Notes: Strategies for Accelerating the Genome Sequencing Pipeline workshop at Mt Sinai

I’m in New York City at Mt Sinai’s workshop on Strategies for accelerating the genomic sequencing pipeline. It’s a great one day session focusing on approaches and tips for making genomics pipelines faster. The goal is to create a community of implementers interested in sharing approaches for avoiding bottlenecks while processing large genomic samples, and learning to better structure code and data to take advantage of large scale parallelization. Slides from the workshop are also available.

Parallelizing the Sequence Analysis Pipeline: What are the tradeoffs?

Toby Bloom – New York Genome Center

Different requirements for individual patients and larger research studies. Patient: fast as possible. Larger study: throughput. This is tricky when you’ve got a mix of things. Bottlenecks are often network load, compute time and response time. Example: improving alignment by 100x but what are the tradeoffs in terms of accuracy and throughput.

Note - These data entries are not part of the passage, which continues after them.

(* Let $\Gamma$ be a finite connected graph with vertex set $\mathcal{V}$ and Laplacian matrix $L = D - A$ (where $A$ is the adjacency matrix and $D$ the diagonal matrix of vertex degrees). Fix a prime $p$, and for each integer $i \ge 0$ let $e_i$ be the number of invariant factors of $L$ (i.e., diagonal entries of the Smith normal form of $L$ over $\mathbb{Z}$) that are divisible by $p^i$ but not by $p^{i+1}$. Let $\eta$ be an eigenvalue of $L$ with multiplicity $m$, and assume $\eta$ is an integer. Then: (1) if $p^i \mid \eta$, then $m \le 1 + \sum_{j \ge i} e_j$; (2) if $p^i \parallel \eta$ (that is, $p^i \mid \eta$ and $p^{i+1} \nmid \eta$), then $m \le \sum_{0 \le j \le i} e_j$.
   Context: The Smith normal form of an integer matrix $L$ is the unique diagonal matrix $\mathrm{diag}(s_1,\dots,s_v)$ with nonnegative entries, $s_i \mid s_{i+1}$, such that $ULV = \mathrm{diag}(s_1,\dots,s_v)$ for some unimodular integer matrices $U,V$; the $s_i$ are the invariant factors. For a connected graph exactly one invariant factor of $L$ is $0$. *)

theory Defs
  imports "Jordan_Normal_Form.Char_Poly" "Jordan_Normal_Form.Determinant"
    "HOL-Computational_Algebra.Primes"
begin

definition simple_graph :: "nat \<Rightarrow> (nat \<Rightarrow> nat \<Rightarrow> bool) \<Rightarrow> bool" where
  "simple_graph n E \<longleftrightarrow> (\<forall>i j. E i j \<longrightarrow> i < n \<and> j < n \<and> i \<noteq> j \<and> E j i)"

definition connected_graph :: "nat \<Rightarrow> (nat \<Rightarrow> nat \<Rightarrow> bool) \<Rightarrow> bool" where
  "connected_graph n E \<longleftrightarrow> n \<ge> 1 \<and> (\<forall>i<n. \<forall>j<n. E\<^sup>*\<^sup>* i j)"

definition adjacency_matrix :: "nat \<Rightarrow> (nat \<Rightarrow> nat \<Rightarrow> bool) \<Rightarrow> int mat" where
  "adjacency_matrix n E = mat n n (\<lambda>(i,j). if E i j then 1 else 0)"

definition degree_matrix :: "nat \<Rightarrow> (nat \<Rightarrow> nat \<Rightarrow> bool) \<Rightarrow> int mat" where
  "degree_matrix n E = mat n n (\<lambda>(i,j). if i = j then int (card {k. k < n \<and> E i k}) else 0)"
(* If two groups $\mathsf G^{(e_2,e_3,h_2,h_3)}_\beta$ and $\mathsf G^{(e_2',e_3',h_2',h_3')}_{\beta'}$ (as defined in the context) are isomorphic as algebraic permutation groups, then $(e_2',e_3',h_2',h_3')=(e_2,e_3,h_2,h_3)$.
   Context: Let $\mathsf k$ be an algebraically closed field. For admissible data, $\mathsf G^{(e_2,e_3,h_2,h_3)}_\beta=(G,\mathsf k^2,\overline\Omega)$ denotes the following group. On $\mathsf k^3$ define $(x_1,x_2,x_3)(y_1,y_2,y_3)=\big(x_1+y_1+\psi_1(x_3,y_2,y_3),\ x_2+y_2+\psi_2(x_3,y_3),\ x_3+y_3\big)$ with $\psi_1(x_3,y_2,y_3)=y_2^{h_2}x_3^{h_3}+\beta(x_3,y_3)$, $h_i=p^{l_i}$ if $\mathrm{char}\,\mathsf k=p>0$ and $h_i=1$ otherwise, and either (A) $\psi_2=0$ and $\beta\in\{0,\ \sum_{i=1}^{p-1}\frac1p\binom pi x_3^{ip^r}y_3^{(p-i)p^r},\ x_3^{p^r}y_3^{p^s}\}$ ($r<s$; nonzero options only in characteristic $p>0$), or (B) $\mathrm{char}\,\mathsf k=p>2$, $\psi_2=x_3^{p^m}y_3^{p^n}$ with $m<n$, $l_3-l_2\in\{m,n\}$, and $\beta=\frac12x_3^{2p^{l_3}}y_3^{p^{l_2+n}}$ if $l_3-l_2=m$, $\beta=x_3^{p^{l_3}+p^{l_2+m}}y_3^{p^{l_3}}+\frac12x_3^{p^{l_2+m}}y_3^{2p^{l_3}}$ if $l_3-l_2=n$. $a\in\mathsf k^*$ acts on $\mathsf k^3$ by $(u_1,u_2,u_3)\mapsto(a^{e_1}u_1,a^{e_2}u_2,a^{e_3}u_3)$ with $e_3$ a positive power of $p$ (or $1$ in characteristic $0$), $e_1=e_2h_2+e_3h_3$, and if $\beta\neq0$ also $e_1=e_3\deg\beta$, $e_2=e_3(\deg\beta-h_3)/h_2$. $G=\mathsf k^3\rtimes\mathsf k^*$ for this action; it acts on $\mathsf k^2$ by $(u_1,u_2,u_3,a)\cdot(x,y)=\big(u_1+a^{e_1}x+\psi_1(u_3,0,a^{e_3}y),\ u_3+a^{e_3}y\big)$, and the blocks $\overline\Omega$ are the horizontal lines $y=\text{const}$. An isomorphism of algebraic permutation groups is a pair $(\Phi_1,\Phi_2)$ with $\Phi_1$ an isomorphism of algebraic groups and $\Phi_2:\mathsf k^2\to\mathsf k^2$ a bijective morphism mapping blocks onto blocks with $\Phi_2(g(P))=\Phi_1(g)(\Phi_2(P))$. *)

theory Defs
  imports "HOL-Computational_Algebra.Polynomial"
begin
lemma interp_cov_eq_factor:
  assumes S0: "pos_def S0" and S1: "pos_def S1"
  shows "interp_cov S0 S1 t = interp_factor S0 S1 t ** transpose (interp_factor S0 S1 t)"
proof -
  define R where "R = msqrt S0"
  define M where "M = (1 - t) *\<^sub>R S0 + t *\<^sub>R msqrt (R ** S1 ** R)"
  note R = msqrt_pos_def[OF S0, folded R_def]
  have "transpose M = M"
    using S0 msqrt_pos_def(2)[OF pos_def_msqrt_congruence[OF S0 S1]]
    by (simp add: M_def R_def transpose_add transpose_scalar pos_def_def sym_mat_def)
  then have "interp_factor S0 S1 t ** transpose (interp_factor S0 S1 t) = matrix_inv R ** M ** M ** matrix_inv R"
    by (simp add: interp_factor_eq[OF S0] R_def[symmetric] M_def[symmetric] matrix_transpose_mul
        transpose_matrix_inv_sym[OF R(2,4)] matrix_mul_assoc)
  then show ?thesis by (simp add: interp_cov_def Let_def R_def M_def)
qed

lemma interp_cov_pos_def:
  assumes S0: "pos_def S0" and S1: "pos_def S1" and t: "0 \<le> t" "t \<le> 1"
  shows "pos_def (interp_cov S0 S1 t)"
proof -
  note R = msqrt_pos_def[OF S0]
  have "invertible (matrix_inv (msqrt S0))"
    using matrix_inv_mult[OF R(4)] invertible_left_inverse by blast
  moreover have "invertible ((1 - t) *\<^sub>R S0 + t *\<^sub>R msqrt (msqrt S0 ** S1 ** msqrt S0))"
    using pos_def_convex_combination[OF S0 msqrt_pos_def(1)[OF pos_def_msqrt_congruence[OF S0 S1]] t]
    by (rule pos_def_invertible)
  ultimately have "invertible (interp_factor S0 S1 t)"
    by (simp add: interp_factor_eq[OF S0] invertible_mult)
  then show ?thesis
    using interp_cov_eq_factor[OF S0 S1] pos_def_mult_transpose by metis
qed

lemma interp_cov_0: "pos_def S0 \<Longrightarrow> pos_def S1 \<Longrightarrow> interp_cov S0 S1 0 = S0"
  by (simp add: interp_cov_eq_factor interp_factor_def msqrt_pos_def)

lemma interp_cov_1: "pos_def S0 \<Longrightarrow> pos_def S1 \<Longrightarrow> interp_cov S0 S1 1 = S1"
  by (simp add: interp_cov_eq_factor interp_factor_def transport_factor_mult_transpose)

lemma W2sq_interp_le:
  assumes S0: "pos_def S0" and S1: "pos_def S1"
    and u: "0 \<le> u" "u \<le> 1" and v: "0 \<le> v" "v \<le> 1"
  shows "W2sq (interp_mean m0 m1 u) (interp_cov S0 S1 u) (interp_mean m0 m1 v) (interp_cov S0 S1 v)
         \<le> (u - v)\<^sup>2 * W2sq m0 S0 m1 S1"
proof -
  have "W2sq (interp_mean m0 m1 u) (interp_cov S0 S1 u) (interp_mean m0 m1 v) (interp_cov S0 S1 v)
     \<le> (norm (interp_mean m0 m1 u - interp_mean m0 m1 v))\<^sup>2
       + (norm (interp_factor S0 S1 u - interp_factor S0 S1 v))\<^sup>2"
    using interp_cov_pos_def[OF S0 S1] interp_cov_eq_factor[OF S0 S1] u v
    by (intro W2sq_le_factor_dist) auto
  also have "interp_mean m0 m1 u - interp_mean m0 m1 v = (v - u) *\<^sub>R (m0 - m1)"
    by (simp add: interp_mean_def algebra_simps)
  also have "interp_factor S0 S1 u - interp_factor S0 S1 v
      = (v - u) *\<^sub>R (msqrt S0 - transport_factor S0 S1)"
    by (simp add: interp_factor_def algebra_simps)
  also have "(norm ((v - u) *\<^sub>R (m0 - m1)))\<^sup>2
      + (norm ((v - u) *\<^sub>R (msqrt S0 - transport_factor S0 S1)))\<^sup>2 = (u - v)\<^sup>2 * W2sq m0 S0 m1 S1"
    by (simp add: W2sq_eq_transport_factor[OF S0 S1] power_mult_distrib power2_commute[of v u]
        distrib_left)
  finally show ?thesis .
qed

Good discussion of why IO is so painful in pipelines. Mark Duplicates: read and write a big file and only writing a flag. Works on file as a blob; alternative is streaming. Alternative way of thinking is the share nothing Hadoop version of the world where data can be independently processe throughout. Not totally compatible with biological pipelines where you need to combine together and go back to the same data over and over again.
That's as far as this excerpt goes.